This morning we celebrate Easter with joy and festivity,
but not so for Mary.
For Mary that morning brought nothing but darkness as she arrived at the tomb.
She had woken up early,
having hardly gotten what you’d call real sleep;
she had spent her night drifting in and out of consciousness.
Knowing that sleep would elude her, Mary rose before dawn,
and under the shadow of darkness made her way to Jesus’ tomb…
perhaps to grieve a little closer to his body and find some comfort there.
But, upon arriving at the tomb,
she found that the great stone blocking the entrance had been rolled away!
Jesus’ body,
whose consolation she sought,
was gone!
Vanished!
Stolen!
Mary panicked and ran to get help,
telling Peter and the other disciple what had happened.
They came running with her,
went into the tomb,
saw the linen wrappings lying empty and useless
and then returned to their homes.
The one disciple - the one whom Jesus loved - went home with a full heart.
We don’t know about Peter…we never know about Peter.
Most likely he went home with the fear and doubt that seem to have overshadowed his faith recently.
But Mary…
“Mary stood weeping
outside the tomb.”
In her aloneness,
after finally summoning enough courage herself to peer inside the tomb
and see its vast emptiness,
she turns around to find a man standing in front of her.

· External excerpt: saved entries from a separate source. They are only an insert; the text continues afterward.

(* Let $0\le d<d'$ be integers and $\alpha_1,\dots,\alpha_{d'+1}>0$. If reconstruction is possible for the poset $\mathbb Z_{\ge0}^{d+1}$ with parameters $(\alpha_1,\dots,\alpha_{d+1})$, then reconstruction is possible for the poset $\mathbb Z_{\ge0}^{d'+1}$ with parameters $(\alpha_1,\dots,\alpha_{d'+1})$.
   Context: Gaussian broadcast model on $\mathbb{Z}_{\ge0}^{k+1}$ (for $k=d$ or $d'$) with parameters $(\alpha_1,\dots,\alpha_{k+1})$: order $u\le v$ iff $v-u\in\mathbb{Z}_{\ge0}^{k+1}$; $L_t$ = tuples with coordinate sum $t$; $\mathfrak p(v)$ = set of elements covered by $v$, so $|\mathfrak p(v)|$ is the number of positive coordinates. Let $X_0\sim\mathcal N(0,1)$, independently i.i.d. $W_{u\to v}\sim\mathcal N(0,1)$ for covering pairs $u\lessdot v$, $X_{\mathbf 0}=X_0$, and $X_v=\alpha_{|\mathfrak p(v)|}\sum_{u\in\mathfrak p(v)}(X_u+W_{u\to v})$ for $v\ne\mathbf 0$. Reconstruction is possible if there is $c:P\to\mathbb R$ with finitely many nonzero values on each layer such that $\zeta_t:=\sum_{u\in L_t}c_uX_u$ satisfies $\operatorname{Var}(\zeta_t)>0$ for all $t$ and $\operatorname{Cov}(\zeta_t,X_0)/\sqrt{\operatorname{Var}(\zeta_t)\operatorname{Var}(X_0)}\not\to0$ as $t\to\infty$. *)

theory Defs
  imports "HOL-Probability.Probability"
begin

text \<open>Elements of the poset Z_{>=0}^{k+1} are represented as functions nat => nat
  vanishing outside the coordinates 0..k.\<close>

definition pts :: "nat \<Rightarrow> (nat \<Rightarrow> nat) set" where
  "pts k = {v. \<forall>i>k. v i = 0}"

definition layer :: "nat \<Rightarrow> nat \<Rightarrow> (nat \<Rightarrow> nat) set" where
  "layer k t = {v \<in> pts k. (\<Sum>i\<le>k. v i) = t}"

definition covers :: "nat \<Rightarrow> ((nat \<Rightarrow> nat) \<times> (nat \<Rightarrow> nat)) set" where
  "covers k = {(u, v). u \<in> pts k \<and> (\<exists>i\<le>k. v = u(i := Suc (u i)))}"

text \<open>Positive coordinates of v; the elements covered by v are v(i := v i - 1)
  for such i, so the number of elements covered by v is the card of this set.\<close>
definition poscoords :: "nat \<Rightarrow> (nat \<Rightarrow> nat) \<Rightarrow> nat set" where
  "poscoords k v = {i. i \<le> k \<and> 0 < v i}"

primrec Xlay :: "nat \<Rightarrow> (nat \<Rightarrow> real) \<Rightarrow> ('a \<Rightarrow> real)
    \<Rightarrow> ((nat \<Rightarrow> nat) \<times> (nat \<Rightarrow> nat) \<Rightarrow> 'a \<Rightarrow> real)
    \<Rightarrow> nat \<Rightarrow> (nat \<Rightarrow> nat) \<Rightarrow> 'a \<Rightarrow> real" where
  "Xlay k \<alpha> X0 W 0 = (\<lambda>v \<omega>. X0 \<omega>)"
| "Xlay k \<alpha> X0 W (Suc t) = (\<lambda>v \<omega>. \<alpha> (card (poscoords k v)) *
      (\<Sum>i\<in>poscoords k v. Xlay k \<alpha> X0 W t (v(i := v i - 1)) \<omega>
                            + W (v(i := v i - 1), v) \<omega>))"

definition Xproc :: "nat \<Rightarrow> (nat \<Rightarrow> real) \<Rightarrow> ('a \<Rightarrow> real)
    \<Rightarrow> ((nat \<Rightarrow> nat) \<times> (nat \<Rightarrow> nat) \<Rightarrow> 'a \<Rightarrow> real)
    \<Rightarrow> (nat \<Rightarrow> nat) \<Rightarrow> 'a \<Rightarrow> real" where
  "Xproc k \<alpha> X0 W v = Xlay k \<alpha> X0 W (\<Sum>i\<le>k. v i) v"

definition gauss_noise :: "nat \<Rightarrow> 'a measure \<Rightarrow> ('a \<Rightarrow> real)
    \<Rightarrow> ((nat \<Rightarrow> nat) \<times> (nat \<Rightarrow> nat) \<Rightarrow> 'a \<Rightarrow> real) \<Rightarrow> bool" where
  "gauss_noise k M X0 W \<longleftrightarrow> prob_space M
     \<and> distributed M lborel X0 std_normal_density
     \<and> (\<forall>e\<in>covers k. distributed M lborel (W e) std_normal_density)
     \<and> prob_space.indep_vars M (\<lambda>_. borel)
          (\<lambda>j. case j of None \<Rightarrow> X0 | Some e \<Rightarrow> W e) (insert None (Some ` covers k))"

definition covar :: "'a measure \<Rightarrow> ('a \<Rightarrow> real) \<Rightarrow> ('a \<Rightarrow> real) \<Rightarrow> real" where
  "covar M X Y = prob_space.expectation M
      (\<lambda>\<omega>. (X \<omega> - prob_space.expectation M X) * (Y \<omega> - prob_space.expectation M Y))"

text \<open>Reconstruction for a given realisation of the model. Layers are finite,
  so every c has finitely many nonzero values on each layer and zeta_t is
  the sum over the whole layer.\<close>
definition reconstruction :: "nat \<Rightarrow> (nat \<Rightarrow> real) \<Rightarrow> 'a measure \<Rightarrow> ('a \<Rightarrow> real)
    \<Rightarrow> ((nat \<Rightarrow> nat) \<times> (nat \<Rightarrow> nat) \<Rightarrow> 'a \<Rightarrow> real) \<Rightarrow> bool" where
  "reconstruction k \<alpha> M X0 W \<longleftrightarrow>
     (\<exists>c :: (nat \<Rightarrow> nat) \<Rightarrow> real.
        let \<zeta> = (\<lambda>t \<omega>. \<Sum>u\<in>layer k t. c u * Xproc k \<alpha> X0 W u \<omega>) in
        (\<forall>t. finite {u \<in> layer k t. c u \<noteq> 0})
        \<and> (\<forall>t. prob_space.variance M (\<zeta> t) > 0)
        \<and> \<not> ((\<lambda>t. covar M (\<zeta> t) X0
               / sqrt (prob_space.variance M (\<zeta> t) * prob_space.variance M X0))
              \<longlonglongrightarrow> 0))"

end

theory Submission
  imports Defs
begin

text \<open>The poset of dimension d+1 is the face of the one of dimension d'+1 on which
  the last d' - d coordinates vanish. No element of the face covers an element
  outside it, so the larger process restricted to the face is the smaller process
  driven by the same noise. Extending a reconstruction estimator of the smaller
  model by zero therefore yields the very same statistics zeta_t in the larger one.\<close>

lemma pts_mono: "d \<le> d' \<Longrightarrow> pts d \<subseteq> pts d'"
  by (auto simp: pts_def)

lemma covers_mono: "d \<le> d' \<Longrightarrow> covers d \<subseteq> covers d'"
  unfolding covers_def pts_def by clarsimp (metis le_trans)

lemma gauss_noise_mono:
  assumes "d \<le> d'" "gauss_noise d' M X0 W"
  shows "gauss_noise d M X0 W"
proof -
  have "prob_space M" using assms(2) by (simp add: gauss_noise_def)
  moreover have "insert None (Some ` covers d) \<subseteq> insert None (Some ` covers d')"
    using covers_mono[OF assms(1)] by auto
  ultimately show ?thesis
    using assms(2) covers_mono[OF assms(1)] prob_space.indep_vars_subset
    unfolding gauss_noise_def by (meson subsetD)
qed

lemma sum_coords_pts: "d \<le> d' \<Longrightarrow> v \<in> pts d \<Longrightarrow> (\<Sum>i\<le>d'. v i) = (\<Sum>i\<le>d. v i)"
  by (rule sum.mono_neutral_right) (auto simp: pts_def)

lemma poscoords_pts: "d \<le> d' \<Longrightarrow> v \<in> pts d \<Longrightarrow> poscoords d' v = poscoords d v"
  unfolding poscoords_def pts_def by (auto, metis not_le less_irrefl)

lemma layer_mono: "d \<le> d' \<Longrightarrow> layer d t \<subseteq> layer d' t"
  using pts_mono sum_coords_pts unfolding layer_def by auto

lemma finite_layer: "finite (layer k t)"
proof (rule finite_subset)
  show "layer k t \<subseteq> {v. \<forall>i. (i \<in> {..k} \<longrightarrow> v i \<in> {..t}) \<and> (i \<notin> {..k} \<longrightarrow> v i = 0)}"
  proof clarify
    fix v i assume v: "v \<in> layer k t"
    show "(i \<in> {..k} \<longrightarrow> v i \<in> {..t}) \<and> (i \<notin> {..k} \<longrightarrow> v i = 0)"
    proof (intro conjI impI)
      assume "i \<in> {..k}"
      then have "v i \<le> (\<Sum>j\<le>k. v j)" by (intro member_le_sum) auto
      then show "v i \<in> {..t}" using v by (simp add: layer_def)
    qed (use v in \<open>simp add: layer_def pts_def\<close>)
  qed
qed (rule finite_set_of_finite_funs; simp)

lemma Xlay_pts:
  assumes "d \<le> d'" "v \<in> pts d"
  shows "Xlay d' \<alpha> X0 W t v = Xlay d \<alpha> X0 W t v"
  using assms(2)
proof (induction t arbitrary: v)
  case (Suc t)
  have "v(i := v i - 1) \<in> pts d" for i
    using Suc.prems by (auto simp: pts_def)
  then have "Xlay d' \<alpha> X0 W t (v(i := v i - 1)) = Xlay d \<alpha> X0 W t (v(i := v i - 1))" for i
    by (rule Suc.IH)
  then show ?case
    using poscoords_pts[OF assms(1) Suc.prems] by simp
qed simp

lemma Xproc_pts: "d \<le> d' \<Longrightarrow> v \<in> pts d \<Longrightarrow> Xproc d' \<alpha> X0 W v = Xproc d \<alpha> X0 W v"
  unfolding Xproc_def by (simp add: sum_coords_pts Xlay_pts)

lemma layer_statistic_extend:
  assumes "d \<le> d'"
  shows "(\<Sum>u\<in>layer d' t. (if u \<in> pts d then c u else 0) * Xproc d' \<alpha> X0 W u \<omega>)
       = (\<Sum>u\<in>layer d t. c u * Xproc d \<alpha> X0 W u \<omega>)"
proof -
  have "(\<Sum>u\<in>layer d' t. (if u \<in> pts d then c u else 0) * Xproc d' \<alpha> X0 W u \<omega>)
      = (\<Sum>u\<in>layer d t. (if u \<in> pts d then c u else 0) * Xproc d' \<alpha> X0 W u \<omega>)"
    by (rule sum.mono_neutral_right[OF finite_layer layer_mono[OF assms]])
      (auto simp: layer_def sum_coords_pts[OF assms])
  also have "\<dots> = (\<Sum>u\<in>layer d t. c u * Xproc d \<alpha> X0 W u \<omega>)"
    by (rule sum.cong) (auto simp: layer_def Xproc_pts[OF assms])
  finally show ?thesis .
qed

lemma reconstruction_mono:
  assumes "d \<le> d'" "reconstruction d \<alpha> M X0 W"
  shows "reconstruction d' \<alpha> M X0 W"
proof -
  from assms(2) obtain c where
    "let \<zeta> = (\<lambda>t \<omega>. \<Sum>u\<in>layer d t. c u * Xproc d \<alpha> X0 W u \<omega>) in
      (\<forall>t. prob_space.variance M (\<zeta> t) > 0)
      \<and> \<not> ((\<lambda>t. covar M (\<zeta> t) X0
               / sqrt (prob_space.variance M (\<zeta> t) * prob_space.variance M X0)) \<longlonglongrightarrow> 0)"
    unfolding reconstruction_def Let_def by blast
  moreover have "(\<lambda>t \<omega>. \<Sum>u\<in>layer d' t. (if u \<in> pts d then c u else 0) * Xproc d' \<alpha> X0 W u \<omega>)
      = (\<lambda>t \<omega>. \<Sum>u\<in>layer d t. c u * Xproc d \<alpha> X0 W u \<omega>)"
    using layer_statistic_extend[OF assms(1)] by (intro ext)
  ultimately show ?thesis
    unfolding reconstruction_def
    by (intro exI[of _ "\<lambda>u. if u \<in> pts d then c u else 0"]) (simp add: finite_layer)
qed

theorem lemmal:
  fixes d d' :: nat and \<alpha> :: "nat \<Rightarrow> real"
  assumes "d < d'"
    and "\<forall>i\<in>{1..d'+1}. \<alpha> i > 0"
    and "\<forall>(M :: 'a measure) X0 W. gauss_noise d M X0 W \<longrightarrow> reconstruction d \<alpha> M X0 W"
  shows "\<forall>(M :: 'a measure) X0 W. gauss_noise d' M X0 W \<longrightarrow> reconstruction d' \<alpha> M X0 W"
  using assms(1,3) gauss_noise_mono reconstruction_mono by (meson less_imp_le)

end
(* For every positive integer $n$ there exists a permutation of length $2n-1$ that contains every riffle shuffle permutation of length $n$ as a pattern, and there exists a permutation of length $2n-1$ that contains every antiriffle shuffle permutation of length $n$ as a pattern.
   Context: A permutation $\pi$ of length $k$ is a pattern of (is contained in) a permutation $\sigma$ if there are indices $\ell_1<\ell_2<\cdots<\ell_k$ such that for all $i,j$, $\pi_i<\pi_j$ if and only if $\sigma_{\ell_i}<\sigma_{\ell_j}$. The riffle shuffle permutations are the permutations avoiding (not containing as a pattern) each of $321$, $2143$ and $2413$; equivalently, permutations of $\{1,\dots,n\}$ obtained by interleaving the increasing sequences $1,2,\dots,k-1$ and $k,\dots,n$ for some $k$. An antiriffle shuffle permutation is a permutation whose inverse is a riffle shuffle permutation. *)

theory Defs
  imports Main
begin

text \<open>A permutation of length n is a list whose entries are exactly 1,...,n
  (each once, since the length is n).\<close>
definition is_perm :: "nat \<Rightarrow> nat list \<Rightarrow> bool" where
  "is_perm n p \<longleftrightarrow> length p = n \<and> set p = {1..n}"

definition contains :: "nat list \<Rightarrow> nat list \<Rightarrow> bool" where
  "contains sigma pi \<longleftrightarrow>
     (\<exists>l :: nat \<Rightarrow> nat.
        (\<forall>i j. i < j \<and> j < length pi \<longrightarrow> l i < l j) \<and>
        (\<forall>i < length pi. l i < length sigma) \<and>
        (\<forall>i < length pi. \<forall>j < length pi. (pi ! i < pi ! j) \<longleftrightarrow> (sigma ! l i < sigma ! l j)))"

definition avoids :: "nat list \<Rightarrow> nat list \<Rightarrow> bool" where
  "avoids sigma pi \<longleftrightarrow> \<not> contains sigma pi"
(* Let $n \ge 1$ and $m \ge 1$ be integers, let $\lambda > 1$ be a real number, and let the coefficients $a_\alpha$, $a$, $b$ be as in the context. Suppose that for some real number $\sigma > 1$, $$\int_1^\infty r^{(m - n)\lambda + n - 1} q(r)\, dr = \infty, \qquad \text{where } q(r) = \mathop{\rm ess\,inf}_{B_{\sigma r} \setminus B_{r/\sigma}} a^{-\lambda} b .$$ Then every solution $u$ of the inequality $$\sum_{|\alpha| = m} (-1)^m \partial^\alpha a_\alpha(x, u) \ge b(x) |u|^\lambda \quad \text{in } \mathbb{R}^n$$ is trivial, i.e. $u(x) = 0$ for almost all $x \in \mathbb{R}^n$.
   Context: For each multi-index $\alpha = (\alpha_1,\dots,\alpha_n)$ with $|\alpha| = \alpha_1 + \dots + \alpha_n = m$, $a_\alpha : \mathbb{R}^n \times \mathbb{R} \to \mathbb{R}$ is a given function, and $\partial^\alpha = \partial^{|\alpha|}/\partial x_1^{\alpha_1}\cdots\partial x_n^{\alpha_n}$. The function $b : \mathbb{R}^n \to (0,\infty)$ is measurable and positive, and there is a positive measurable function $a : \mathbb{R}^n \to (0,\infty)$ such that $|a_\alpha(x,\zeta)| \le a(x)|\zeta|$ for almost all $x \in \mathbb{R}^n$, all $\zeta \in \mathbb{R}$ and all $|\alpha| = m$. $B_r$ denotes the open ball in $\mathbb{R}^n$ of radius $r>0$ centered at the origin. A function $u$ is called a solution of the inequality if $b(x)|u|^\lambda \in L_{1,loc}(\mathbb{R}^n)$, $a_\alpha(x,u) \in L_{1,loc}(\mathbb{R}^n)$ for all $|\alpha| = m$, and $$\int_{\mathbb{R}^n} \sum_{|\alpha|=m} a_\alpha(x,u)\, \partial^\alpha \varphi \, dx \ge \int_{\mathbb{R}^n} b(x)|u|^\lambda \varphi\, dx$$ for every non-negative $\varphi \in C_0^\infty(\mathbb{R}^n)$. *)

theory Defs
  imports "HOL-Analysis.Analysis" "HOL-Library.Multiset"
begin

text \<open>Points of R^n are vectors real^'n with a finite index type 'n (n = CARD('n)).
  A multi-index alpha = (alpha_1,...,alpha_n) is a multiset over the coordinate indices:
  alpha_i = count alpha i and |alpha| = size alpha.\<close>

definition partial_der :: "'n::finite \<Rightarrow> (real^'n \<Rightarrow> real) \<Rightarrow> real^'n \<Rightarrow> real" where
  "partial_der i f x = deriv (\<lambda>t. f (x + t *\<^sub>R axis i 1)) 0"

fun Dlist :: "'n::finite list \<Rightarrow> (real^'n \<Rightarrow> real) \<Rightarrow> real^'n \<Rightarrow> real" where
  "Dlist [] f = f"
| "Dlist (i # is) f = partial_der i (Dlist is f)"

text \<open>The partial derivative of multi-index alpha (order irrelevant for smooth functions).\<close>
definition Dalpha :: "'n::finite multiset \<Rightarrow> (real^'n \<Rightarrow> real) \<Rightarrow> real^'n \<Rightarrow> real" where
  "Dalpha \<alpha> f = Dlist (SOME is. mset is = \<alpha>) f"

definition smooth_fun :: "(real^'n::finite \<Rightarrow> real) \<Rightarrow> bool" where
  "smooth_fun f \<longleftrightarrow> (\<forall>is. continuous_on UNIV (Dlist is f) \<and>
       (\<forall>i x. (\<lambda>t. Dlist is f (x + t *\<^sub>R axis i 1)) differentiable (at 0)))"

Supposing him to be the gardener,
she asks him where he has taken Jesus’ body
so that she may go and take him away.
It is not until he speaks her name,
as he had so many times before,
that she recognizes Jesus.
“Mary!”
“Rabbouni!”
Have you ever found it curious that Mary did not recognize Jesus
but mistook him as the gardener…
as some man she had never seen before?
I mean… he just died a couple of days ago.
What was the state of her heart when she turned and saw him there?
I imagine her heart was engulfed in the same darkness that cloaked that pre-dawn morning.
Her heart was filled with sorrow and pain and disappointment and fear and longing.
In Jesus she had found Life,
and now that life was gone,
and darkness seemed to be overcoming the light.
But then…
but then he spoke her name: “Mary”
in that same gentle, strong, warm, inviting way he always had.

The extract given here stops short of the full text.